拓跋九歌觸電般的把自己的小爪子給收了回來,淚眼汪汪的看著他,心跳比先前躁動的更加厲害。
“平日裡受那麼多苦都不叫一聲痛的,怎麼到我這裡,眼淚珠子就不要錢了?”他幽幽嘆了口氣,又愛又悵的將她臉上的淚水拭去,“都哭成小花貓了。

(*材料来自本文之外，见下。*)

lemma matrix_sum_vector_mult: "(\<Sum>k\<in>K. P k) *v x = (\<Sum>k\<in>K. P k *v x)"
  by (induction K rule: infinite_finite_induct) (simp_all add: matrix_vector_mult_add_rdistrib)

lemma projection_idem_apply: "projection P \<Longrightarrow> P *v (P *v x) = P *v x"
  by (simp add: projection_def matrix_vector_mul_assoc)

lemma cinner_projection: "projection P \<Longrightarrow> cinner x (P *v y) = cinner (P *v x) y"
  by (metis cinner_adj projection_def)

lemma PVM_projection: "PVM K P \<Longrightarrow> k \<in> K \<Longrightarrow> projection (P k)"
  unfolding PVM_def by auto

lemma PVM_sum_apply: "PVM K P \<Longrightarrow> (\<Sum>k\<in>K. P k *v x) = x"
  unfolding PVM_def by (metis matrix_sum_vector_mult matrix_vector_mul_lid)
(* Let $R$ be a $*$-ring. Equip the power series ring $R[[x]]$ with the involution $\big(\sum_{i\ge 0}a_ix^i\big)^*=\sum_{i\ge0}a_i^*x^i$, and $R[[x]]/(x^n)$ with the induced involution. Then the following are equivalent: (1) $R$ is strongly $J$-$*$-clean. (2) $R[[x]]$ is strongly $J$-$*$-clean. (3) $R[[x]]/(x^n)$ is strongly $J$-$*$-clean for all $n\ge 2$. (4) $R[[x]]/(x^2)$ is strongly $J$-$*$-clean.
   Context: All rings are associative with identity. A $*$-ring is a ring $R$ with an involution $*$, i.e. a map $a\mapsto a^*$ with $(a+b)^*=a^*+b^*$, $(ab)^*=b^*a^*$, $(a^* )^*=a$. $J(R)$ denotes the Jacobson radical of $R$. A projection is an element $e$ with $e^2=e=e^*$. A $*$-ring $R$ is strongly $J$-$*$-clean if every $a\in R$ can be written $a=e+u$ with $e$ a projection, $u\in J(R)$ and $ae=ea$. *)

theory Defs
  imports "HOL-Algebra.Algebra"
begin

definition star_ring :: "('a, 'm) ring_scheme \<Rightarrow> ('a \<Rightarrow> 'a) \<Rightarrow> bool" where
  "star_ring R s \<longleftrightarrow> ring R \<and> (\<forall>a\<in>carrier R. s a \<in> carrier R) \<and>
     (\<forall>a\<in>carrier R. \<forall>b\<in>carrier R. s (a \<oplus>\<^bsub>R\<^esub> b) = s a \<oplus>\<^bsub>R\<^esub> s b) \<and>
     (\<forall>a\<in>carrier R. \<forall>b\<in>carrier R. s (a \<otimes>\<^bsub>R\<^esub> b) = s b \<otimes>\<^bsub>R\<^esub> s a) \<and>
     (\<forall>a\<in>carrier R. s (s a) = a)"

definition left_ideal :: "'a set \<Rightarrow> ('a, 'm) ring_scheme \<Rightarrow> bool" where
  "left_ideal I R \<longleftrightarrow> additive_subgroup I R \<and>
     (\<forall>r\<in>carrier R. \<forall>a\<in>I. r \<otimes>\<^bsub>R\<^esub> a \<in> I)"

definition maximal_left_ideal :: "'a set \<Rightarrow> ('a, 'm) ring_scheme \<Rightarrow> bool" where
  "maximal_left_ideal I R \<longleftrightarrow> left_ideal I R \<and> I \<noteq> carrier R \<and>
     (\<forall>K. left_ideal K R \<and> I \<subseteq> K \<and> K \<noteq> carrier R \<longrightarrow> K = I)"

definition jacobson :: "('a, 'm) ring_scheme \<Rightarrow> 'a set" where
  "jacobson R = carrier R \<inter> \<Inter> {I. maximal_left_ideal I R}"

definition projection :: "('a, 'm) ring_scheme \<Rightarrow> ('a \<Rightarrow> 'a) \<Rightarrow> 'a \<Rightarrow> bool" where
  "projection R s e \<longleftrightarrow> e \<in> carrier R \<and> e \<otimes>\<^bsub>R\<^esub> e = e \<and> s e = e"

definition strongly_J_star_clean :: "('a, 'm) ring_scheme \<Rightarrow> ('a \<Rightarrow> 'a) \<Rightarrow> bool" where
  "strongly_J_star_clean R s \<longleftrightarrow>
     (\<forall>a\<in>carrier R. \<exists>e u. projection R s e \<and> u \<in> jacobson R \<and>
        a = e \<oplus>\<^bsub>R\<^esub> u \<and> a \<otimes>\<^bsub>R\<^esub> e = e \<otimes>\<^bsub>R\<^esub> a)"

definition PS_carrier :: "('a, 'm) ring_scheme \<Rightarrow> (nat \<Rightarrow> 'a) set" where
  "PS_carrier R = {f. \<forall>i. f i \<in> carrier R}"

definition PS :: "('a, 'm) ring_scheme \<Rightarrow> (nat \<Rightarrow> 'a) ring" where
  "PS R = \<lparr>carrier = PS_carrier R,
           monoid.mult = (\<lambda>f g n. \<Oplus>\<^bsub>R\<^esub> i\<in>{..n}. f i \<otimes>\<^bsub>R\<^esub> g (n - i)),
           monoid.one = (\<lambda>n. if n = 0 then \<one>\<^bsub>R\<^esub> else \<zero>\<^bsub>R\<^esub>),
           ring.zero = (\<lambda>n. \<zero>\<^bsub>R\<^esub>),
           ring.add = (\<lambda>f g n. f n \<oplus>\<^bsub>R\<^esub> g n)\<rparr>"

definition PS_X :: "('a, 'm) ring_scheme \<Rightarrow> nat \<Rightarrow> 'a" where
  "PS_X R = (\<lambda>n. if n = 1 then \<one>\<^bsub>R\<^esub> else \<zero>\<^bsub>R\<^esub>)"

definition PS_star :: "('a \<Rightarrow> 'a) \<Rightarrow> (nat \<Rightarrow> 'a) \<Rightarrow> (nat \<Rightarrow> 'a)" where
  "PS_star s f = (\<lambda>n. s (f n))"

definition PS_ideal :: "('a, 'm) ring_scheme \<Rightarrow> nat \<Rightarrow> (nat \<Rightarrow> 'a) set" where
  "PS_ideal R n = genideal (PS R) {PS_X R [^]\<^bsub>(PS R)\<^esub> n}"

definition PS_trunc :: "('a, 'm) ring_scheme \<Rightarrow> nat \<Rightarrow> (nat \<Rightarrow> 'a) set ring" where
  "PS_trunc R n = PS R Quot PS_ideal R n"

text \<open>Induced involution on cosets: the class of f is sent to the class of f*
  (written as the image of the coset under the involution of R[[x]]).\<close>
definition PS_trunc_star :: "('a \<Rightarrow> 'a) \<Rightarrow> (nat \<Rightarrow> 'a) set \<Rightarrow> (nat \<Rightarrow> 'a) set" where
  "PS_trunc_star s C = image (PS_star s) C"

end

theory Submission
  imports Defs
begin

text \<open>The strongly J-\<open>*\<close>-clean property passes along surjective \<open>*\<close>-homomorphisms, since
  the Jacobson radical, described as the set of \<open>j\<close> with \<open>\<one> \<ominus> r \<otimes> j\<close> left invertible for
  all \<open>r\<close>, maps into the radical. This gives (2) \<open>\<Rightarrow>\<close> (1) via \<open>f \<mapsto> f 0\<close>, (2) \<open>\<Rightarrow>\<close> (3) via
  the quotient maps, and (4) \<open>\<Rightarrow>\<close> (1) via the constant term on \<open>R[[x]]/(x\<^sup>2)\<close>.
  For (1) \<open>\<Rightarrow>\<close> (2), write \<open>f 0 = e \<oplus> u\<close>. In a strongly J-\<open>*\<close>-clean ring an idempotent
  and the projection of its decomposition are commuting idempotents differing by a radical
  element, hence equal; so every idempotent is self-adjoint, which forces projections to be
  central. Thus the constant series \<open>e\<close> commutes with \<open>f\<close>, and \<open>f \<ominus> e\<close> lies in the radical of
  \<open>R[[x]]\<close> because its constant term \<open>u\<close> lies in that of \<open>R\<close>.\<close>

section \<open>Left ideals and the Jacobson radical\<close>

context ring
begin
(* For $n\in\mathbb{N}$ let $X_n$ be an integer-valued random variable with $\mathbb{P}[X_n=k]=\frac{B(n,k)}{2^nn!}$, $k=0,\dots,n$, where $(t+1)(t+3)\cdots(t+2n-1)=\sum_{k=0}^nB(n,k)t^k$. Then, locally uniformly in $z\in\mathbb{C}$, $$\lim_{n\to\infty}\frac{\mathbb{E}[e^{zX_n}]}{e^{(\frac12\log n)(e^z-1)}}=\frac{2^{e^z}\,\Gamma(\frac12e^z)}{2\sqrt{\pi}\,\Gamma(e^z)}.$$ *)

theory Defs
  imports "HOL-Probability.Probability" "HOL-Computational_Algebra.Polynomial"
begin

definition B :: "nat \<Rightarrow> nat \<Rightarrow> nat" where
  "B n k = coeff (\<Prod>j<n. [:2 * j + 1, 1:]) k"

definition limit_expr :: "complex \<Rightarrow> complex" where
  "limit_expr z = (2 powr exp z) * Gamma (exp z / 2)
                  / (2 * complex_of_real (sqrt pi) * Gamma (exp z))"

text \<open>At points where Gamma(e^z) has a pole (e^z a nonpositive integer) the paper's
  expression is understood as its (removable) limit value.\<close>
definition limit_fun :: "complex \<Rightarrow> complex" where
  "limit_fun z = (if exp z \<in> \<int>\<^sub>\<le>\<^sub>0 then Lim (at z) limit_expr else limit_expr z)"

end

theory Submission
  imports Defs "HOL-Analysis.Analysis"
begin

text \<open>
  The generating polynomial of \<open>B n\<close> gives \<open>E[e^(zX_n)] = (a)_n / n!\<close> with
  \<open>a = (e^z + 1) / 2\<close>, so the normalised moment generating function is
  \<open>(a)_n n^(1 - a) / n!\<close>, which tends to \<open>1 / \<Gamma>(a)\<close> by Gauss's product formula.
  The convergence is locally uniform in \<open>a\<close> because the consecutive quotients
  \<open>(a + k) / (k + 1) \<cdot> ((k + 1) / k)^(1 - a)\<close> are \<open>1 + O(1/k^2)\<close> uniformly on compact
  sets, so the Weierstrass M-test applies to the infinite product.  Legendre's duplication
  formula turns \<open>1 / \<Gamma>((w + 1) / 2)\<close> into the stated expression in \<open>w = e^z\<close>; at the
  removable singularities (\<open>w\<close> a nonpositive integer) both sides agree by continuity.
\<close>

lemma coeff_mult_monic_linear:
  fixes p :: "'a::comm_semiring_1 poly"
  shows "coeff (p * [:c, 1:]) 0 = c * coeff p 0"
    and "coeff (p * [:c, 1:]) (Suc k) = c * coeff p (Suc k) + coeff p k"
  by (simp_all add: mult.commute[of p] mult_pCons_left)

lemma of_nat_coeff_prod_monic_linear:
  fixes c :: "nat \<Rightarrow> nat"
  shows "of_nat (coeff (\<Prod>j<n. [:c j, 1:]) k) = (coeff (\<Prod>j<n. [:of_nat (c j), 1:]) k :: 'a::comm_semiring_1)"
proof (induction n arbitrary: k)
  case 0
  then show ?case by (cases k) simp_all
next
  case (Suc n)
  then show ?case by (cases k) (simp_all add: coeff_mult_monic_linear)
qed

lemma degree_prod_monic_linear_le: "degree (\<Prod>j<(n::nat). [:c j, 1:] :: 'a::comm_semiring_1 poly) \<le> n"
  using degree_prod_sum_le[of "{..<n}" "\<lambda>j. [:c j, 1:] :: 'a poly"] by (simp add: o_def)

lemma B_eq_0: "n < k \<Longrightarrow> B n k = 0"
  unfolding B_def using degree_prod_monic_linear_le[where c="\<lambda>j. 2 * j + 1" and n=n]
  by (intro coeff_eq_0) simp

”
“那你還不哄哄我?”拓跋九歌咕噥道,被他碰過的指頭在掌心不斷畫圈圈。
“怎麼哄?”
雖知道眼前人是個鋼鐵直男,但聽到這句話,拓跋九歌還是免不得失望,真是……自己都已經死皮賴臉玩起一哭二鬧三上吊的招數了,他居然還這麼木頭!
不!木頭都比他聰明!
拓跋淵看著她嬌嗔的小模樣,心頭幽幽一動,拳頭握緊了又鬆開,緊抿的脣藏著隱忍。
罷了……
拓跋淵眼中光芒漸晦,平靜無波的眼眸下,隱匿著急湍暗流。
耳畔少女嘰嘰喳喳的抱怨聲迴響不斷,馬車內,一股有些怪異的幽香菸熅而起。
拓跋九歌詫異的看著他手邊的雲紋香爐,想不明白這個節骨眼上,他為何要點一盞香?
不過,這香的氣味好生古怪……好生熟悉……
在什麼地方聞過呢?
拓跋九歌下意識想到,不覺意識開始昏沉了起來,腦子暈暈眩眩,腦袋一偏就昏睡在了他的肩頭。
拓跋淵嘆了口氣,看著她昏睡過去的容顏,黑眸裡閃過幾許狼狽之色。
“以前真不知道,你這般磨人……”
“傻丫頭。”
他眼波幽幽一動,幾分隱忍幾分剋制幾分慌張,悄悄的低下頭,含住她微微嘟起的紅脣,呢喃聲碎:“……這樣哄,可好?”